- **Task instructions**:
Which lines in the records below contain the word "open"? Copy each one.

- **Exercise data**:

section \<open>Weighted majority votes\<close>

lemma prob_weighted_vote_ge:
  fixes w p :: "nat \<Rightarrow> real"
  assumes w: "\<And>i. i < n \<Longrightarrow> \<bar>w i\<bar> \<le> B" and p: "\<And>i. i < n \<Longrightarrow> 0 \<le> p i \<and> p i \<le> 1"
    and B: "B > 0" and drift: "0 \<le> (\<Sum>i<n. w i * (2 * p i - 1))"
  shows "1 - exp (-2 * (\<Sum>i<n. w i * (2 * p i - 1))\<^sup>2 / (n * (2 * B)\<^sup>2))
    \<le> measure_pmf.prob (Pi_pmf {..<n} False (\<lambda>i. bernoulli_pmf (p i)))
         {x. 0 < (\<Sum>i<n. w i * (if x i then 1 else -1))}"
proof (cases "n = 0")
  case False
  define Q where "Q = Pi_pmf {..<n} False (\<lambda>i. bernoulli_pmf (p i))"
  define X where "X i x = w i * (if x i then 1 else -1 :: real)" for i x
  define S where "S = (\<Sum>i<n. w i * (2 * p i - 1))"
  have mean: "measure_pmf.expectation Q (X i) = w i * (2 * p i - 1)" if i: "i < n" for i
  proof -
    have "measure_pmf.expectation Q (X i)
        = measure_pmf.expectation (map_pmf (\<lambda>x. x i) Q) (\<lambda>b. w i * (if b then 1 else -1 :: real))"
      unfolding X_def by simp
    also have "map_pmf (\<lambda>x. x i) Q = bernoulli_pmf (p i)"
      unfolding Q_def using i by (subst Pi_pmf_component) auto
    finally show ?thesis
      using p[OF i] by (simp add: algebra_simps)
  qed
  interpret Hoeffding_ineq Q "{..<n}" X "\<lambda>_. -B" "\<lambda>_. B" "\<Sum>i<n. measure_pmf.expectation Q (X i)"
  proof unfold_locales
    show "prob_space.indep_vars Q (\<lambda>_. borel) X {..<n}"
      unfolding X_def Q_def
      by (rule prob_space.indep_vars_compose2[OF measure_pmf.prob_space_axioms indep_vars_Pi_pmf]) auto
    show "AE x in Q. X i x \<in> {-B..B}" if "i \<in> {..<n}" for i
      using w[of i] that by (intro AE_I2) (auto simp: X_def abs_le_iff)
  qed auto
  have "measure_pmf.prob Q {x \<in> space Q. (\<Sum>i<n. X i x) \<le> S - S}
      \<le> exp (-2 * S\<^sup>2 / (\<Sum>i<n. (B - - B)\<^sup>2))"
    using Hoeffding_ineq_le[OF drift[folded S_def]] B False
    by (simp add: mean S_def sum_pos)
  then have "measure_pmf.prob Q {x. (\<Sum>i<n. X i x) \<le> 0} \<le> exp (-2 * S\<^sup>2 / (n * (2 * B)\<^sup>2))"
    by simp
  moreover have "measure_pmf.prob Q {x. 0 < (\<Sum>i<n. X i x)} = 1 - measure_pmf.prob Q {x. (\<Sum>i<n. X i x) \<le> 0}"
    by (subst measure_pmf.prob_compl[symmetric]) (auto intro!: arg_cong[where f="measure_pmf.prob Q"])
  ultimately show ?thesis
    unfolding Q_def X_def S_def by linarith
qed simp

lemma weighted_vote_tendsto_1:
  fixes w p :: "nat \<Rightarrow> real" and B d :: real
  assumes w: "\<And>i. \<bar>w i\<bar> \<le> B" and p: "\<And>i. 0 \<le> p i \<and> p i \<le> 1" and B: "B > 0" and d: "d > 0"
    and drift: "eventually (\<lambda>n. n * d < (\<Sum>i<n. w i * (2 * p i - 1))) sequentially"
  shows "(\<lambda>n. measure_pmf.prob (Pi_pmf {..<n} False (\<lambda>i. bernoulli_pmf (p i)))
      {x. 0 < (\<Sum>i<n. w i * (if x i then 1 else -1))}) \<longlonglongrightarrow> 1"
proof -
  define q where "q = exp (- (d\<^sup>2 / (2 * B\<^sup>2)))"
  have q: "0 < q" "q < 1"
    using d B by (auto simp: q_def)
  have lower: "1 - q ^ n \<le> measure_pmf.prob (Pi_pmf {..<n} False (\<lambda>i. bernoulli_pmf (p i)))
      {x. 0 < (\<Sum>i<n. w i * (if x i then 1 else -1))}"
    if "n * d < (\<Sum>i<n. w i * (2 * p i - 1))" for n
  proof -
    define S where "S = (\<Sum>i<n. w i * (2 * p i - 1))"
    have "n > 0" using that d by (cases n) auto
    have "0 \<le> n * d" using d by simp
    then have "(n * d)\<^sup>2 \<le> S\<^sup>2"
      using that unfolding S_def by (intro power_mono) auto
    then have "-2 * S\<^sup>2 / (n * (2 * B)\<^sup>2) \<le> -2 * (n * d)\<^sup>2 / (n * (2 * B)\<^sup>2)"
      using B \<open>n > 0\<close> by (intro divide_right_mono) auto
    also have "\<dots> = n * - (d\<^sup>2 / (2 * B\<^sup>2))"
      using B \<open>n > 0\<close> by (simp add: field_simps power2_eq_square)
    finally have "exp (-2 * S\<^sup>2 / (n * (2 * B)\<^sup>2)) \<le> q ^ n"
      by (simp add: q_def exp_of_nat_mult[symmetric])
    moreover have "0 \<le> S"
      using that \<open>0 \<le> n * d\<close> unfolding S_def by linarith
    then have "1 - exp (-2 * S\<^sup>2 / (n * (2 * B)\<^sup>2)) \<le> measure_pmf.prob (Pi_pmf {..<n} False (\<lambda>i. bernoulli_pmf (p i)))
        {x. 0 < (\<Sum>i<n. w i * (if x i then 1 else -1))}"
      unfolding S_def by (rule prob_weighted_vote_ge[OF w p B])
    ultimately show ?thesis
      by linarith
  qed
  have below: "eventually (\<lambda>n. 1 - q ^ n \<le> measure_pmf.prob (Pi_pmf {..<n} False (\<lambda>i. bernoulli_pmf (p i)))
      {x. 0 < (\<Sum>i<n. w i * (if x i then 1 else -1))}) sequentially"
    using drift by (rule eventually_mono) (rule lower)
  have lim: "(\<lambda>n. 1 - q ^ n) \<longlonglongrightarrow> 1"
    using tendsto_diff[OF tendsto_const LIMSEQ_power_zero[of q]] q by simp
  show ?thesis
    by (rule tendsto_sandwich[OF below _ lim tendsto_const]) simp
qed

lemma CJP_weightedI:
  fixes d :: real
  assumes W: "W > 1" and adm: "\<And>i. s i \<in> admissible_pairs W" and d: "d > 0"
    and drift: "eventually (\<lambda>n. n * d < (\<Sum>i<n. vote_drift W k (s i))) sequentially"
  shows "s \<in> CJP_weighted W k"
  unfolding CJP_weighted_def weighted_majority_prob_def
proof (intro CollectI weighted_vote_tendsto_1[where B="2 * W" and d=d])
  show "\<bar>weight W k (s i)\<bar> \<le> 2 * W" for i
    using abs_weight_le[OF W adm] .
  show "0 \<le> fst (s i) \<and> fst (s i) \<le> 1" for i
    using adm[of i] by (simp add: admissible_pairs_def)
  show "eventually (\<lambda>n. n * d < (\<Sum>i<n. weight W k (s i) * (2 * fst (s i) - 1))) sequentially"
    using drift by (simp add: vote_drift_def)
qed (use W d in auto)

text \<open>Unfolding the product pmf into a finite sum exposes the measurable dependence on \<open>s\<close>.\<close>
lemma weighted_majority_prob_eq_sum:
  "weighted_majority_prob W k s n =
     (\<Sum>x\<in>PiE_dflt {..<n} False (\<lambda>_. UNIV).
        of_bool (0 < (\<Sum>i<n. weight W k (s i) * (if x i then 1 else -1))) *
        (\<Prod>i<n. pmf (bernoulli_pmf (fst (s i))) (x i)))"
proof -
  define Q where "Q = Pi_pmf {..<n} False (\<lambda>i. bernoulli_pmf (fst (s i)))"
  define A where "A = {x. 0 < (\<Sum>i<n. weight W k (s i) * (if x i then 1 else -1 :: real))}"
  define D where "D = PiE_dflt {..<n} False (\<lambda>_. UNIV :: bool set)"
  have D: "finite D" "set_pmf Q \<subseteq> D"
    unfolding D_def Q_def using set_Pi_pmf_subset[of "{..<n}" False]
    by auto (auto simp: PiE_dflt_def)
  have "weighted_majority_prob W k s n = measure_pmf.prob Q (A \<inter> D)"
    unfolding weighted_majority_prob_def Q_def[symmetric] A_def[symmetric]
    using D(2) measure_Int_set_pmf[of Q A] measure_Int_set_pmf[of Q "A \<inter> D"]
    by (simp add: Int_assoc Int_absorb1)
  also have "\<dots> = (\<Sum>x\<in>D. of_bool (x \<in> A) * pmf Q x)"
    using D sum.inter_restrict[of D "pmf Q" A]
    by (subst measure_measure_pmf_finite) (auto simp: Int_commute intro!: sum.cong)
  also have "\<dots> = (\<Sum>x\<in>D. of_bool (x \<in> A) * (\<Prod>i<n. pmf (bernoulli_pmf (fst (s i))) (x i)))"
    by (intro sum.cong refl) (auto simp: Q_def D_def PiE_dflt_def pmf_Pi)
  finally show ?thesis
    unfolding A_def D_def by simp
qed

lemma sets_CJP_weighted: "CJP_weighted W k \<in> sets (PiM UNIV (\<lambda>_. borel \<Otimes>\<^sub>M borel))"
proof -
  have pmf_bernoulli: "pmf (bernoulli_pmf p) b = (if b then min 1 (max 0 p) else 1 - min 1 (max 0 p))" for p b
    by (simp add: bernoulli_pmf.rep_eq)
  have [measurable]: "(\<lambda>s. weighted_majority_prob W k s n) \<in> borel_measurable (PiM UNIV (\<lambda>_. borel \<Otimes>\<^sub>M borel))" for n
    unfolding weighted_majority_prob_eq_sum pmf_bernoulli weight_def by measurable
  have "{s \<in> space (PiM UNIV (\<lambda>_. borel \<Otimes>\<^sub>M borel)). weighted_majority_prob W k s \<longlonglongrightarrow> 1}
      \<in> sets (PiM UNIV (\<lambda>_. borel \<Otimes>\<^sub>M borel))"
    by measurable
  then show ?thesis
    by (simp add: CJP_weighted_def space_PiM space_pair_measure)
qed

section \<open>Independent sequences of voters\<close>

lemma (in product_prob_space) indep_vars_components:
  assumes "J \<subseteq> I" "finite J" "J \<noteq> {}"
  shows "P.indep_vars M (\<lambda>i \<omega>. \<omega> i) J"
proof (subst P.indep_vars_iff_distr_eq_PiM'[OF assms(3)])
  show "(\<lambda>\<omega>. \<omega> i) \<in> measurable (PiM I M) (M i)" if "i \<in> J" for i
    using that assms(1) by (intro measurable_component_singleton) auto
  have "PiM J (\<lambda>i. distr (PiM I M) (M i) (\<lambda>\<omega>. \<omega> i)) = PiM J M"
    using assms(1) by (intro PiM_cong) (auto simp: PiM_component)
  then show "distr (PiM I M) (PiM J M) (\<lambda>\<omega>. \<lambda>i\<in>J. \<omega> i) = PiM J (\<lambda>i. distr (PiM I M) (M i) (\<lambda>\<omega>. \<omega> i))"
    using distr_PiM_restrict_finite[OF assms(2,1)] by simp
qed

lemma (in prob_space) prob_PiM_sum_le:
  fixes f :: "'a \<Rightarrow> real" and B d :: real
  assumes f [measurable]: "f \<in> borel_measurable M" and bound: "AE x in M. \<bar>f x\<bar> \<le> B" and B: "B > 0"
    and d: "d \<le> expectation f"
  shows "prob_space.prob (PiM UNIV (\<lambda>_ :: nat. M)) {\<omega> \<in> space (PiM UNIV (\<lambda>_. M)). (\<Sum>i<n. f (\<omega> i)) \<le> n * d}
    \<le> exp (- ((expectation f - d)\<^sup>2 / (2 * B\<^sup>2))) ^ n"
proof (cases "n = 0")
  case False
  interpret \<Omega>: product_prob_space "\<lambda>_ :: nat. M" UNIV
    by (intro product_prob_spaceI prob_space_axioms)
  have component: "distr (PiM UNIV (\<lambda>_. M)) M (\<lambda>\<omega>. \<omega> i) = M" for i :: nat
    by (rule \<Omega>.PiM_component) simp
  have distr_f: "distr (PiM UNIV (\<lambda>_. M)) borel (\<lambda>\<omega>. f (\<omega> i)) = distr M borel f" for i :: nat
    using distr_distr[of f M borel "\<lambda>\<omega>. \<omega> i" "PiM UNIV (\<lambda>_. M)"] by (simp add: component comp_def)
  have expectation_f: "\<Omega>.expectation (\<lambda>\<omega>. f (\<omega> i)) = expectation f" for i :: nat
    using integral_distr[of "\<lambda>\<omega>. \<omega> i" "PiM UNIV (\<lambda>_. M)" M f] by (simp add: component)
  interpret Hoeffding_ineq_iid "PiM UNIV (\<lambda>_. M)" "{..<n}" "\<lambda>i \<omega>. f (\<omega> i)" "\<lambda>\<omega>. f (\<omega> 0)" "-B" B
    "\<Omega>.expectation (\<lambda>\<omega>. f (\<omega> 0))"
  proof unfold_locales
    show "\<Omega>.indep_vars (\<lambda>_. borel) (\<lambda>i \<omega>. f (\<omega> i)) {..<n}"
      using \<Omega>.indep_vars_compose2[OF \<Omega>.indep_vars_components[of "{..<n}"], of "\<lambda>_. f" "\<lambda>_. borel"] False
      by (simp add: lessThan_empty_iff)
    show "AE \<omega> in PiM UNIV (\<lambda>_. M). f (\<omega> 0) \<in> {-B..B}"
      using bound by (intro AE_PiM_component) (auto simp: abs_le_iff prob_space_axioms)
  qed (simp_all add: distr_f)
  have "\<Omega>.prob {\<omega> \<in> space (PiM UNIV (\<lambda>_. M)). (\<Sum>i<n. f (\<omega> i)) \<le> n * expectation f - n * (expectation f - d)}
      \<le> exp (-2 * (n * (expectation f - d))\<^sup>2 / (n * (B - - B)\<^sup>2))"
    using Hoeffding_ineq_le[of "n * (expectation f - d)"] d B False
    by (simp add: expectation_f lessThan_empty_iff)
  also have "-2 * (n * (expectation f - d))\<^sup>2 / (n * (B - - B)\<^sup>2) = n * - ((expectation f - d)\<^sup>2 / (2 * B\<^sup>2))"
    using B False by (simp add: field_simps power2_eq_square)
  finally show ?thesis
    by (simp add: algebra_simps exp_of_nat_mult[symmetric])
qed (simp add: prob_space.prob_le_1 prob_space_PiM prob_space_axioms)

- **Reply to the task**:
section \<open>Weighted majority votes\<close>
      using B \<open>n > 0\<close> by (intro divide_right_mono) auto
      using B \<open>n > 0\<close> by (simp add: field_simps power2_eq_square)
      using that \<open>0 \<le> n * d\<close> unfolding S_def by linarith
text \<open>Unfolding the product pmf into a finite sum exposes the measurable dependence on \<open>s\<close>.\<close>
section \<open>Independent sequences of voters\<close>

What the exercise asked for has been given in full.